## Task item
Repeat the full listing exactly.

## Listed records
________

lemma tilted_cdf_tilt_deriv_pos:
  assumes k: "k \<noteq> 0" and t: "-1 < t" "t < 1"
  shows "\<exists>y. ((\<lambda>k. tilted_cdf k t) has_real_derivative y) (at k) \<and> y > 0"
proof -
  define f where "f k = exp k - exp (- k * t)" for k
  define g where "g k = exp k - exp (- k)" for k :: real
  have "g k \<noteq> 0"
    using exp_minus_exp_uminus_nonzero[OF k] by (simp add: g_def)
  have "((\<lambda>k. f k / g k) has_real_derivative
      ((exp k + t * exp (- k * t)) * g k - (exp k + exp (- k)) * f k) / (g k * g k)) (at k)"
    unfolding f_def g_def using \<open>g k \<noteq> 0\<close>[unfolded g_def]
    by (auto intro!: derivative_eq_intros simp: power2_eq_square)
  then have deriv: "((\<lambda>k. tilted_cdf k t) has_real_derivative
      ((exp k + t * exp (- k * t)) * g k - (exp k + exp (- k)) * f k) / (g k * g k)) (at k)"
    by (rule has_field_derivative_transform_within_open[of _ _ _ "- {0}"])
       (use k in \<open>auto simp: tilted_cdf_def f_def g_def\<close>)
  have "(exp k + t * exp (- k * t)) * g k - (exp k + exp (- k)) * f k
      = (1 + t) * exp (k * (1 - t)) + (1 - t) * exp (- k * (1 + t)) - 2"
    by (simp add: f_def g_def algebra_simps flip: exp_add)
  also have "\<dots> > 0"
    \<comment> \<open>compare both exponentials with the tangent line of \<open>exp\<close> at \<open>0\<close>\<close>
  proof -
    have "(1 + t) * (1 + k * (1 - t)) < (1 + t) * exp (k * (1 - t))"
      using add_one_less_exp[of "k * (1 - t)"] k t by simp
    moreover have "(1 - t) * (1 + - k * (1 + t)) \<le> (1 - t) * exp (- k * (1 + t))"
      using exp_ge_add_one_self[of "- k * (1 + t)"] t by simp
    ultimately show ?thesis
      by (simp add: algebra_simps)
  qed
  finally have "0 < ((exp k + t * exp (- k * t)) * g k - (exp k + exp (- k)) * f k) / (g k * g k)"
    using \<open>g k \<noteq> 0\<close> by (intro divide_pos_pos) (auto simp: zero_less_mult_iff linorder_neq_iff)
  with deriv show ?thesis
    by blast
qed

lemma strict_mono_tilted_cdf_tilt:
  assumes "-1 < t" "t < 1"
  shows "strict_mono (\<lambda>k. tilted_cdf k t)"
proof -
  have less: "tilted_cdf k1 t < tilted_cdf k2 t" if "k1 < k2" "0 \<notin> {k1<..<k2}" for k1 k2
  proof (rule DERIV_pos_imp_increasing_open[OF \<open>k1 < k2\<close>])
    show "\<exists>y. ((\<lambda>k. tilted_cdf k t) has_real_derivative y) (at x) \<and> 0 < y"
      if "k1 < x" "x < k2" for x
      using that \<open>0 \<notin> {k1<..<k2}\<close> assms by (intro tilted_cdf_tilt_deriv_pos) auto
    show "continuous_on {k1..k2} (\<lambda>k. tilted_cdf k t)"
      by (intro continuous_at_imp_continuous_on ballI isCont_tilted_cdf_tilt)
  qed
  show ?thesis
  proof (rule strict_monoI)
    fix k1 k2 :: real
    assume "k1 < k2"
    show "tilted_cdf k1 t < tilted_cdf k2 t"
    proof (cases "0 \<in> {k1<..<k2}")
      case True
      then show ?thesis
        using less[of k1 0] less[of 0 k2] by auto
    qed (use less \<open>k1 < k2\<close> in auto)
  qed
qed

lemma tilted_cdf_tendsto_at_top:
  assumes "-1 < t"
  shows "((\<lambda>k. tilted_cdf k t) \<longlongrightarrow> 1) at_top"
proof -
  have decay: "((\<lambda>k. exp (- k * a)) \<longlongrightarrow> 0) at_top" if "0 < a" for a :: real
  proof -
    have "filterlim (\<lambda>k. k * a) at_top at_top"
      using that by (intro filterlim_at_top_mult_tendsto_pos[OF tendsto_const] filterlim_ident)
    then have "filterlim (\<lambda>k. - k * a) at_bot at_top"
      by (simp add: filterlim_uminus_at_top)
    then show ?thesis
      by (rule filterlim_compose[OF exp_at_bot])
  qed
  have "((\<lambda>k. (1 - exp (- k * (1 + t))) / (1 - exp (- k * 2))) \<longlongrightarrow> (1 - 0) / (1 - 0)) at_top"
    using assms by (intro tendsto_intros decay) auto
  moreover have "\<forall>\<^sub>F k in at_top. (1 - exp (- k * (1 + t))) / (1 - exp (- k * 2)) = tilted_cdf k t"
  proof (rule eventually_mono[OF eventually_gt_at_top[of 0]])
    fix k :: real
    assume "0 < k"
    have "tilted_cdf k t = (exp (- k) * (exp k - exp (- k * t))) / (exp (- k) * (exp k - exp (- k)))"
      using \<open>0 < k\<close> by (simp add: tilted_cdf_def)
    also have "\<dots> = (1 - exp (- k * (1 + t))) / (1 - exp (- k * 2))"
      by (simp add: algebra_simps flip: exp_add)
    finally show "(1 - exp (- k * (1 + t))) / (1 - exp (- k * 2)) = tilted_cdf k t" ..
  qed
  ultimately show ?thesis
    by (simp add: tendsto_cong)
qed

lemma tilted_cdf_tendsto_at_bot:
  assumes "t < 1"
  shows "((\<lambda>k. tilted_cdf k t) \<longlongrightarrow> 0) at_bot"
proof -
  have "((\<lambda>k. 1 - tilted_cdf k (- t)) \<longlongrightarrow> 1 - 1) at_top"
    using assms by (intro tendsto_intros tilted_cdf_tendsto_at_top) auto
  then show ?thesis
    by (simp add: filterlim_at_bot_mirror tilted_cdf_uminus)
qed

definition tilted_cdf_integral :: "(real \<Rightarrow> real) \<Rightarrow> real \<Rightarrow> real" where
  "tilted_cdf_integral w k = integral {-1..1} (\<lambda>t. tilted_cdf k t * w t)"

lemma tilted_cdf_integral_tendsto:
  assumes w: "continuous_on {-1..1} w"
    and lim: "\<And>t. t \<in> {-1<..<1} \<Longrightarrow> (\<lambda>n. tilted_cdf (u n) t) \<longlonglongrightarrow> h t"
  shows "(\<lambda>n. tilted_cdf_integral w (u n)) \<longlonglongrightarrow> integral {-1..1} (\<lambda>t. h t * w t)"
proof -
  have "(\<lambda>n. integral {-1<..<1} (\<lambda>t. tilted_cdf (u n) t * w t))
      \<longlonglongrightarrow> integral {-1<..<1} (\<lambda>t. h t * w t)"
  proof (rule dominated_convergence(2))
    show "(\<lambda>t. tilted_cdf (u n) t * w t) integrable_on {-1<..<1}" for n
      unfolding integrable_on_open_interval_real
      using w by (intro integrable_continuous_interval continuous_intros continuous_on_tilted_cdf)
    show "(\<lambda>t. norm (w t)) integrable_on {-1<..<1}"
      unfolding integrable_on_open_interval_real
      using w by (intro integrable_continuous_interval continuous_intros)
    show "norm (tilted_cdf (u n) t * w t) \<le> norm (w t)" if "t \<in> {-1<..<1}" for n t
      using tilted_cdf_in_unit_interval[of t "u n"] that
      by (auto simp: abs_mult intro!: mult_left_le_one_le)
    show "(\<lambda>n. tilted_cdf (u n) t * w t) \<longlonglongrightarrow> h t * w t" if "t \<in> {-1<..<1}" for t
      using lim[OF that] by (rule tendsto_mult_right)
  qed
  then show ?thesis
    by (simp add: tilted_cdf_integral_def integral_open_interval_real)
qed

________

## Answer space
lemma tilted_cdf_tilt_deriv_pos:
  assumes k: "k \<noteq> 0" and t: "-1 < t" "t < 1"
  shows "\<exists>y. ((\<lambda>k. tilted_cdf k t) has_real_derivative y) (at k) \<and> y > 0"
proof -
  define f where "f k = exp k - exp (- k * t)" for k
  define g where "g k = exp k - exp (- k)" for k :: real
  have "g k \<noteq> 0"
    using exp_minus_exp_uminus_nonzero[OF k] by (simp add: g_def)
  have "((\<lambda>k. f k / g k) has_real_derivative
      ((exp k + t * exp (- k * t)) * g k - (exp k + exp (- k)) * f k) / (g k * g k)) (at k)"
    unfolding f_def g_def using \<open>g k \<noteq> 0\<close>[unfolded g_def]
    by (auto intro!: derivative_eq_intros simp: power2_eq_square)
  then have deriv: "((\<lambda>k. tilted_cdf k t) has_real_derivative
      ((exp k + t * exp (- k * t)) * g k - (exp k + exp (- k)) * f k) / (g k * g k)) (at k)"
    by (rule has_field_derivative_transform_within_open[of _ _ _ "- {0}"])
       (use k in \<open>auto simp: tilted_cdf_def f_def g_def\<close>)
  have "(exp k + t * exp (- k * t)) * g k - (exp k + exp (- k)) * f k
      = (1 + t) * exp (k * (1 - t)) + (1 - t) * exp (- k * (1 + t)) - 2"
    by (simp add: f_def g_def algebra_simps flip: exp_add)
  also have "\<dots> > 0"
    \<comment> \<open>compare both exponentials with the tangent line of \<open>exp\<close> at \<open>0\<close>\<close>
  proof -
    have "(1 + t) * (1 + k * (1 - t)) < (1 + t) * exp (k * (1 - t))"
      using add_one_less_exp[of "k * (1 - t)"] k t by simp
    moreover have "(1 - t) * (1 + - k * (1 + t)) \<le> (1 - t) * exp (- k * (1 + t))"
      using exp_ge_add_one_self[of "- k * (1 + t)"] t by simp
    ultimately show ?thesis
      by (simp add: algebra_simps)
  qed
  finally have "0 < ((exp k + t * exp (- k * t)) * g k - (exp k + exp (- k)) * f k) / (g k * g k)"
    using \<open>g k \<noteq> 0\<close> by (intro divide_pos_pos) (auto simp: zero_less_mult_iff linorder_neq_iff)
  with deriv show ?thesis
    by blast
qed

lemma strict_mono_tilted_cdf_tilt:
  assumes "-1 < t" "t < 1"
  shows "strict_mono (\<lambda>k. tilted_cdf k t)"
proof -
  have less: "tilted_cdf k1 t < tilted_cdf k2 t" if "k1 < k2" "0 \<notin> {k1<..<k2}" for k1 k2
  proof (rule DERIV_pos_imp_increasing_open[OF \<open>k1 < k2\<close>])
    show "\<exists>y. ((\<lambda>k. tilted_cdf k t) has_real_derivative y) (at x) \<and> 0 < y"
      if "k1 < x" "x < k2" for x
      using that \<open>0 \<notin> {k1<..<k2}\<close> assms by (intro tilted_cdf_tilt_deriv_pos) auto
    show "continuous_on {k1..k2} (\<lambda>k. tilted_cdf k t)"
      by (intro continuous_at_imp_continuous_on ballI isCont_tilted_cdf_tilt)
  qed
  show ?thesis
  proof (rule strict_monoI)
    fix k1 k2 :: real
    assume "k1 < k2"
    show "tilted_cdf k1 t < tilted_cdf k2 t"
    proof (cases "0 \<in> {k1<..<k2}")
      case True
      then show ?thesis
        using less[of k1 0] less[of 0 k2] by auto
    qed (use less \<open>k1 < k2\<close> in auto)
  qed
qed

lemma tilted_cdf_tendsto_at_top:
  assumes "-1 < t"
  shows "((\<lambda>k. tilted_cdf k t) \<longlongrightarrow> 1) at_top"
proof -
  have decay: "((\<lambda>k. exp (- k * a)) \<longlongrightarrow> 0) at_top" if "0 < a" for a :: real
  proof -
    have "filterlim (\<lambda>k. k * a) at_top at_top"
      using that by (intro filterlim_at_top_mult_tendsto_pos[OF tendsto_const] filterlim_ident)
    then have "filterlim (\<lambda>k. - k * a) at_bot at_top"
      by (simp add: filterlim_uminus_at_top)
    then show ?thesis
      by (rule filterlim_compose[OF exp_at_bot])
  qed
  have "((\<lambda>k. (1 - exp (- k * (1 + t))) / (1 - exp (- k * 2))) \<longlongrightarrow> (1 - 0) / (1 - 0)) at_top"
    using assms by (intro tendsto_intros decay) auto
  moreover have "\<forall>\<^sub>F k in at_top. (1 - exp (- k * (1 + t))) / (1 - exp (- k * 2)) = tilted_cdf k t"
  proof (rule eventually_mono[OF eventually_gt_at_top[of 0]])
    fix k :: real
    assume "0 < k"
    have "tilted_cdf k t = (exp (- k) * (exp k - exp (- k * t))) / (exp (- k) * (exp k - exp (- k)))"
      using \<open>0 < k\<close> by (simp add: tilted_cdf_def)
    also have "\<dots> = (1 - exp (- k * (1 + t))) / (1 - exp (- k * 2))"
      by (simp add: algebra_simps flip: exp_add)
    finally show "(1 - exp (- k * (1 + t))) / (1 - exp (- k * 2)) = tilted_cdf k t" ..
  qed
  ultimately show ?thesis
    by (simp add: tendsto_cong)
qed

lemma tilted_cdf_tendsto_at_bot:
  assumes "t < 1"
  shows "((\<lambda>k. tilted_cdf k t) \<longlongrightarrow> 0) at_bot"
proof -
  have "((\<lambda>k. 1 - tilted_cdf k (- t)) \<longlongrightarrow> 1 - 1) at_top"
    using assms by (intro tendsto_intros tilted_cdf_tendsto_at_top) auto
  then show ?thesis
    by (simp add: filterlim_at_bot_mirror tilted_cdf_uminus)
qed

definition tilted_cdf_integral :: "(real \<Rightarrow> real) \<Rightarrow> real \<Rightarrow> real" where
  "tilted_cdf_integral w k = integral {-1..1} (\<lambda>t. tilted_cdf k t * w t)"

lemma tilted_cdf_integral_tendsto:
  assumes w: "continuous_on {-1..1} w"
    and lim: "\<And>t. t \<in> {-1<..<1} \<Longrightarrow> (\<lambda>n. tilted_cdf (u n) t) \<longlonglongrightarrow> h t"
  shows "(\<lambda>n. tilted_cdf_integral w (u n)) \<longlonglongrightarrow> integral {-1..1} (\<lambda>t. h t * w t)"
proof -
  have "(\<lambda>n. integral {-1<..<1} (\<lambda>t. tilted_cdf (u n) t * w t))
      \<longlonglongrightarrow> integral {-1<..<1} (\<lambda>t. h t * w t)"
  proof (rule dominated_convergence(2))
    show "(\<lambda>t. tilted_cdf (u n) t * w t) integrable_on {-1<..<1}" for n
      unfolding integrable_on_open_interval_real
      using w by (intro integrable_continuous_interval continuous_intros continuous_on_tilted_cdf)
    show "(\<lambda>t. norm (w t)) integrable_on {-1<..<1}"
      unfolding integrable_on_open_interval_real
      using w by (intro integrable_continuous_interval continuous_intros)
    show "norm (tilted_cdf (u n) t * w t) \<le> norm (w t)" if "t \<in> {-1<..<1}" for n t
      using tilted_cdf_in_unit_interval[of t "u n"] that
      by (auto simp: abs_mult intro!: mult_left_le_one_le)
    show "(\<lambda>n. tilted_cdf (u n) t * w t) \<longlonglongrightarrow> h t * w t" if "t \<in> {-1<..<1}" for t
      using lim[OF that] by (rule tendsto_mult_right)
  qed
  then show ?thesis
    by (simp add: tilted_cdf_integral_def integral_open_interval_real)
qed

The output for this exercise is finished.